Красота и уродство. Беседы об искусстве и реальности - стр. 2
Зрелый Т. С.Элиот – в отличие от большинства своих творческих современников и в полемике с ними – поэт христианского и, больше того, церковного вдохновения. В те времена, которые другой большой христианский поэт XX века, Поль Клодель, назвал «временами великой апостасии»[1], в эпоху, когда «высокая современная культура» и агностицизм становятся почти синонимами, открыто принять позицию конфессионального автора – большой вызов. Он требовал мужества. Мужество всегда присутствует в письме Элиота – как общий тон его стиха и мысли, как их ритм. Мужество слышится в каждом слове и жесте владыки Антония, это тон и ритм его веры, его свидетельства. Митрополит Сурожский и британский поэт (по мнению многих – первый поэт Европы XX века, «новый Данте») встретились в том, как оба они слышат дух своего времени. Мужеству в этом времени принадлежит важнейшая роль.
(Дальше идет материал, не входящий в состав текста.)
text \<open>Razborov's approximation of an OR of \<open>k\<close> approximated functions: on inputs where all
  \<open>p i\<close> are correct, \<open>q\<close> fails only if each of the \<open>l\<close> subset sums \<open>\<Sum>i\<in>S j. p i b\<close> is \<open>0\<close>
  although some \<open>p i b = 1\<close>, and some choice of the subsets makes this rare.\<close>

lemma or_approximation:
  fixes t :: "nat \<Rightarrow> nat set \<Rightarrow> bool" and s :: "nat \<Rightarrow> nat"
  assumes approx: "\<And>i. i < k \<Longrightarrow>
    \<exists>p. low_deg n D p \<and> 2^l * card (approx_errors n p (t i)) \<le> s i * 2^n"
  shows "\<exists>q. low_deg n (2*l*D) q \<and>
    2^l * card (approx_errors n q (\<lambda>b. \<exists>i<k. t i b)) \<le> Suc (\<Sum>i<k. s i) * 2^n"
proof -
  obtain p where p: "\<And>i. i < k \<Longrightarrow> low_deg n D (p i)"
    and p_errors: "\<And>i. i < k \<Longrightarrow> 2^l * card (approx_errors n (p i) (t i)) \<le> s i * 2^n"
    using approx by metis
  define errs where "errs = (\<Union>i<k. approx_errors n (p i) (t i))"
  define B where "B = {b \<in> Pow {..<n} - errs. \<exists>i<k. t i b}"
  have fin_B: "finite B" by (simp add: B_def)
  have "\<exists>i<k. p i b \<noteq> 0" if "b \<in> B" for b
    using that by (fastforce simp: B_def errs_def approx_errors_def)
  then obtain S where S: "S \<in> {..<l} \<rightarrow>\<^sub>E Pow {..<k}"
    and few: "2^l * card {b \<in> B. \<forall>j<l. (\<Sum>i\<in>S j. p i b) = 0} \<le> card B"
    using exists_subsets_few_zero_sums[OF fin_B, where v = "\<lambda>b i. p i b" and l = l] by blast
  have S_sub: "S j \<subseteq> {..<k}" "finite (S j)" if "j < l" for j
    using S that finite_subset by (auto simp: PiE_def Pi_def)
  define q where "q b = 1 - (\<Prod>j<l. 1 - (\<Sum>i\<in>S j. p i b) * (\<Sum>i\<in>S j. p i b))" for b
  have "low_deg n ((D + D) * card {..<l}) (\<lambda>b. \<Prod>j<l. 1 - (\<Sum>i\<in>S j. p i b) * (\<Sum>i\<in>S j. p i b))"
    using S_sub p by (intro low_deg_prod low_deg_one_minus low_deg_mult low_deg_sum) auto
  then have q: "low_deg n (2*l*D) q"
    unfolding q_def by (intro low_deg_one_minus) (auto elim: low_deg_mono)
  have "approx_errors n q (\<lambda>b. \<exists>i<k. t i b) \<subseteq>
      errs \<union> {b \<in> B. \<forall>j<l. (\<Sum>i\<in>S j. p i b) = 0}"
  proof
    fix b assume b: "b \<in> approx_errors n q (\<lambda>b. \<exists>i<k. t i b)"
    show "b \<in> errs \<union> {b \<in> B. \<forall>j<l. (\<Sum>i\<in>S j. p i b) = 0}"
    proof (rule ccontr)
      assume nb: "\<not> ?thesis"
      then have correct: "p i b = of_bool (t i b)" if "i < k" for i
        using b that by (auto simp: errs_def approx_errors_def)
      show False
      proof (cases "\<exists>i<k. t i b")
        case False
        then have "(\<Sum>i\<in>S j. p i b) = 0" if "j < l" for j
          using S_sub[OF that] correct by (intro sum.neutral) auto
        then show False using b False by (simp add: approx_errors_def q_def)
      next
        case True
        then obtain j where j: "j < l" "(\<Sum>i\<in>S j. p i b) \<noteq> 0"
          using b nb by (auto simp: B_def approx_errors_def)
        then have "1 - (\<Sum>i\<in>S j. p i b) * (\<Sum>i\<in>S j. p i b) = 0"
          by (simp add: GF3_square_nonzero)
        then have "(\<Prod>j<l. 1 - (\<Sum>i\<in>S j. p i b) * (\<Sum>i\<in>S j. p i b)) = 0"
          using j(1) by (intro prod_zero) auto
        then have "q b = 1" by (simp add: q_def)
        then show False using b True by (simp add: approx_errors_def)
      qed
    qed
  qed
  then have "card (approx_errors n q (\<lambda>b. \<exists>i<k. t i b)) \<le>
      card errs + card {b \<in> B. \<forall>j<l. (\<Sum>i\<in>S j. p i b) = 0}"
    by (intro order.trans[OF card_mono card_Un_le]) (auto simp: errs_def approx_errors_def fin_B)
  also have "card errs \<le> (\<Sum>i<k. card (approx_errors n (p i) (t i)))"
    unfolding errs_def by (intro card_UN_le) simp
  finally have "2^l * card (approx_errors n q (\<lambda>b. \<exists>i<k. t i b)) \<le>
      2^l * (\<Sum>i<k. card (approx_errors n (p i) (t i))) + 2^l * card {b \<in> B. \<forall>j<l. (\<Sum>i\<in>S j. p i b) = 0}"
    by (simp flip: add_mult_distrib2)
  also have "\<dots> \<le> (\<Sum>i<k. s i) * 2^n + 2^n"
  proof (rule add_mono)
    show "2^l * (\<Sum>i<k. card (approx_errors n (p i) (t i))) \<le> (\<Sum>i<k. s i) * 2^n"
      unfolding sum_distrib_left sum_distrib_right by (intro sum_mono p_errors) simp
    have "card B \<le> 2^n"
      using card_mono[of "Pow {..<n}" B] by (auto simp: B_def card_Pow)
    then show "2^l * card {b \<in> B. \<forall>j<l. (\<Sum>i\<in>S j. p i b) = 0} \<le> 2^n"
      using few by linarith
  qed
  finally show ?thesis using q by auto
qed

lemma foldr_max_ge: "x \<in> set xs \<Longrightarrow> (x::nat) \<le> foldr max xs 0"
  by (induction xs) auto

lemma or_approximation_list:
  fixes t :: "'v circ \<Rightarrow> nat set \<Rightarrow> bool"
  assumes approx: "\<And>c. c \<in> set cs \<Longrightarrow>
      \<exists>p. low_deg n ((2*l)^cdepth c) p \<and> 2^l * card (approx_errors n p (t c)) \<le> csize c * 2^n"
    and l: "1 \<le> l"
  shows "\<exists>q. low_deg n ((2*l)^Suc (foldr max (map cdepth cs) 0)) q \<and>
      2^l * card (approx_errors n q (\<lambda>b. \<exists>c\<in>set cs. t c b)) \<le> Suc (sum_list (map csize cs)) * 2^n"
proof -
  define M where "M = foldr max (map cdepth cs) 0"
  have "\<exists>p. low_deg n ((2*l)^M) p \<and> 2^l * card (approx_errors n p (t (cs!i))) \<le> csize (cs!i) * 2^n"
    if "i < length cs" for i
  proof -
    have c: "cs!i \<in> set cs" using that by simp
    have "(2*l)^cdepth (cs!i) \<le> (2*l)^M"
      using l c unfolding M_def by (intro power_increasing foldr_max_ge) auto
    then show ?thesis using approx[OF c] by (metis low_deg_mono)
  qed
  from or_approximation[where t = "\<lambda>i. t (cs!i)" and s = "\<lambda>i. csize (cs!i)", OF this]
  obtain q where q: "low_deg n (2*l*(2*l)^M) q"
    and q_errors: "2^l * card (approx_errors n q (\<lambda>b. \<exists>i<length cs. t (cs!i) b)) \<le>
      Suc (\<Sum>i<length cs. csize (cs!i)) * 2^n"
    by blast
  have "(\<lambda>b. \<exists>i<length cs. t (cs!i) b) = (\<lambda>b. \<exists>c\<in>set cs. t c b)"
    by (intro ext) (metis in_set_conv_nth)
  moreover have "(\<Sum>i<length cs. csize (cs!i)) = sum_list (map csize cs)"
    by (simp add: sum_list_sum_nth atLeast0LessThan)
  ultimately show ?thesis using q q_errors by (auto simp: M_def)
qed

lemma circuit_approximation:
  fixes C :: "'v circ" and \<sigma> :: "nat set \<Rightarrow> 'v \<Rightarrow> bool"
  assumes inputs: "\<And>v. low_deg n 1 (\<lambda>b. of_bool (\<sigma> b v))" and l: "1 \<le> l"
  shows "\<exists>p. low_deg n ((2*l)^cdepth C) p \<and>
    2^l * card (approx_errors n p (\<lambda>b. ceval (\<sigma> b) C)) \<le> csize C * 2^n"
proof (induction C)
  case (Inp v)
  have "approx_errors n (\<lambda>b. of_bool (\<sigma> b v)) (\<lambda>b. ceval (\<sigma> b) (Inp v)) = {}"
    by (simp add: approx_errors_def)
  then show ?case using inputs[of v] by auto
next
  case (NotG C)
  then obtain p where p: "low_deg n ((2*l)^cdepth C) p"
    and p_errors: "2^l * card (approx_errors n p (\<lambda>b. ceval (\<sigma> b) C)) \<le> csize C * 2^n" by blast
  have "(2*l)^cdepth C \<le> (2*l)^cdepth (NotG C)"
    using l by (intro power_increasing) auto
  with p have "low_deg n ((2*l)^cdepth (NotG C)) (\<lambda>b. 1 - p b)"
    by (intro low_deg_one_minus) (rule low_deg_mono)
  moreover have "approx_errors n (\<lambda>b. 1 - p b) (\<lambda>b. ceval (\<sigma> b) (NotG C)) =
      approx_errors n p (\<lambda>b. ceval (\<sigma> b) C)"
    using approx_errors_one_minus[of n p "\<lambda>b. ceval (\<sigma> b) C"] by simp
  ultimately show ?case using p_errors by auto
next
  case (AndG cs)
  have "\<exists>p. low_deg n ((2*l)^cdepth c) p \<and>
      2^l * card (approx_errors n p (\<lambda>b. \<not> ceval (\<sigma> b) c)) \<le> csize c * 2^n"
    if "c \<in> set cs" for c
    using AndG.IH[OF that] approx_errors_one_minus by (metis low_deg_one_minus)
  from or_approximation_list[OF this l]
  obtain q where "low_deg n ((2*l)^cdepth (AndG cs)) q"
    and "2^l * card (approx_errors n q (\<lambda>b. \<exists>c\<in>set cs. \<not> ceval (\<sigma> b) c)) \<le> csize (AndG cs) * 2^n"
    by auto
  moreover have "approx_errors n (\<lambda>b. 1 - q b) (\<lambda>b. ceval (\<sigma> b) (AndG cs)) =
      approx_errors n q (\<lambda>b. \<exists>c\<in>set cs. \<not> ceval (\<sigma> b) c)"
    using approx_errors_one_minus[of n q "\<lambda>b. \<exists>c\<in>set cs. \<not> ceval (\<sigma> b) c"]
    by (simp add: list_all_iff)
  ultimately show ?case by (metis low_deg_one_minus)
next
  case (OrG cs)
  from or_approximation_list[OF OrG.IH l]
  show ?case by (simp add: list_ex_iff)
qed

section \<open>Circuits for thresholds\<close>

lemma parity_from_thresholds:
  assumes p: "\<And>k. k \<le> n \<Longrightarrow> low_deg n D (p k)"
  shows "\<exists>P. low_deg n (2*D) P \<and> (\<forall>b\<subseteq>{..<n}.
    (\<forall>k\<le>n. p k b = of_bool (card b \<le> k)) \<longrightarrow> P b = of_bool (odd (card b)))"
proof (intro exI conjI allI impI)
  define J where "J = {j. j \<le> n \<and> odd j}"
  have "finite J" by (simp add: J_def)
  show "low_deg n (2*D) (\<lambda>b. \<Sum>j\<in>J. p j b * (1 - p (j - 1) b))"
  proof (rule low_deg_sum[OF \<open>finite J\<close>])
    fix j assume "j \<in> J"
    then have "j \<le> n" "j - 1 \<le> n" by (auto simp: J_def)
    then have "low_deg n D (p j)" "low_deg n D (\<lambda>b. 1 - p (j - 1) b)"
      by (simp_all add: p low_deg_one_minus)
    then show "low_deg n (2*D) (\<lambda>b. p j b * (1 - p (j - 1) b))"
      unfolding mult_2 by (rule low_deg_mult[rotated])
  qed
  fix b :: "nat set"
  assume b: "b \<subseteq> {..<n}" and thresholds: "\<forall>k\<le>n. p k b = of_bool (card b \<le> k)"
  have "card b \<le> n" using card_mono[OF _ b] by simp
  have "p j b * (1 - p (j - 1) b) = of_bool (j = card b)" if "j \<in> J" for j
    using that thresholds by (auto simp: J_def elim: oddE)
  then have "(\<Sum>j\<in>J. p j b * (1 - p (j - 1) b)) = (\<Sum>j\<in>J. of_bool (j = card b))"
    by (rule sum.cong[OF refl])
  also have "\<dots> = of_bool (odd (card b))"
    using \<open>finite J\<close> \<open>card b \<le> n\<close> by (simp add: J_def of_bool_def sum.delta')
  finally show "(\<Sum>j\<in>J. p j b * (1 - p (j - 1) b)) = of_bool (odd (card b))" .
qed

lemma exists_exp_ge_poly: "\<exists>l\<ge>1. A * l^e \<le> (2::nat)^l"
proof -
  have "(\<lambda>l::nat. real A * real l ^ e / 2 ^ l) \<longlonglongrightarrow> 0" by real_asymp
  then have "eventually (\<lambda>l. real A * real l ^ e / 2 ^ l < 1) sequentially"
    by (rule order_tendstoD) simp
  then obtain N where N: "\<And>l. l \<ge> N \<Longrightarrow> real A * real l ^ e / 2 ^ l < 1"
    by (auto simp: eventually_sequentially)
  have "real (A * max N 1 ^ e) < real (2 ^ max N 1)"
    using N[of "max N 1"] by (simp add: field_simps)
  then have "A * max N 1 ^ e \<le> 2 ^ max N 1" by linarith
  then show ?thesis by (intro exI[of _ "max N 1"]) simp
qed

text \<open>With \<open>n = 32 * (2 * (2*l)^d + 1)^2\<close> the summed error bound \<open>(n + 1) * c * (n + 1)^c * 2^(n - l)\<close>
  of the approximations of all thresholds is at most \<open>2^n / 8\<close>.\<close>

lemma exists_approximation_parameter: "\<exists>l\<ge>1. 8*c*(2*(16*(2*(2*l)^d+1)^2)+1)^(c+1) \<le> (2::nat)^l"
proof -
  obtain l where l: "l \<ge> 1" and le: "(8*c*289^(c+1)*2^(d*2*(c+1))) * l^(d*2*(c+1)) \<le> (2::nat)^l"
    using exists_exp_ge_poly by blast
  have "1 \<le> (2*l)^d" using l by simp
  then have "2*(16*(2*(2*l)^d+1)^2)+1 \<le> 289*((2*l)^d)^2"
    using power_mono[of "2*(2*l)^d+1" "3*(2*l)^d" 2] by (simp add: power_mult_distrib power2_eq_square)
  then have "8*c*(2*(16*(2*(2*l)^d+1)^2)+1)^(c+1) \<le> 8*c*(289*((2*l)^d)^2)^(c+1)"
    by (intro mult_left_mono power_mono) auto
  also have "\<dots> = (8*c*289^(c+1)*2^(d*2*(c+1))) * l^(d*2*(c+1))"
    by (simp only: power_mult_distrib power_mult[symmetric] ac_simps)
  also note le
  finally show ?thesis using l by blast
qed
Час мужества пробил на наших часах.[2]
И нужно заметить, что это некое новое, особое мужество: не просто готовность принять какой-то реальный вызов, но сила отказаться от всего, что тебе представляется известным, в чем ты уверен, без чего, как тебе кажется, ты не сможешь жить. Это новое мужество едва ли не труднее прежнего.
Это стихи из третьей части «Ист Кокера», второго из «Четырех квартетов» Т. С. Элиота. А вот знаменитые стихи из второй части того же «Квартета»:
В этих и многих других стихах Элиота я слышу глубокое созвучие с мыслью владыки Антония, и еще больше – с ним самим: здесь как будто звучит тот же колокол. Колокол, который не раз поминается в «Квартетах», – и колокол, о котором замечательно говорил в одном из своих слов владыка Антоний.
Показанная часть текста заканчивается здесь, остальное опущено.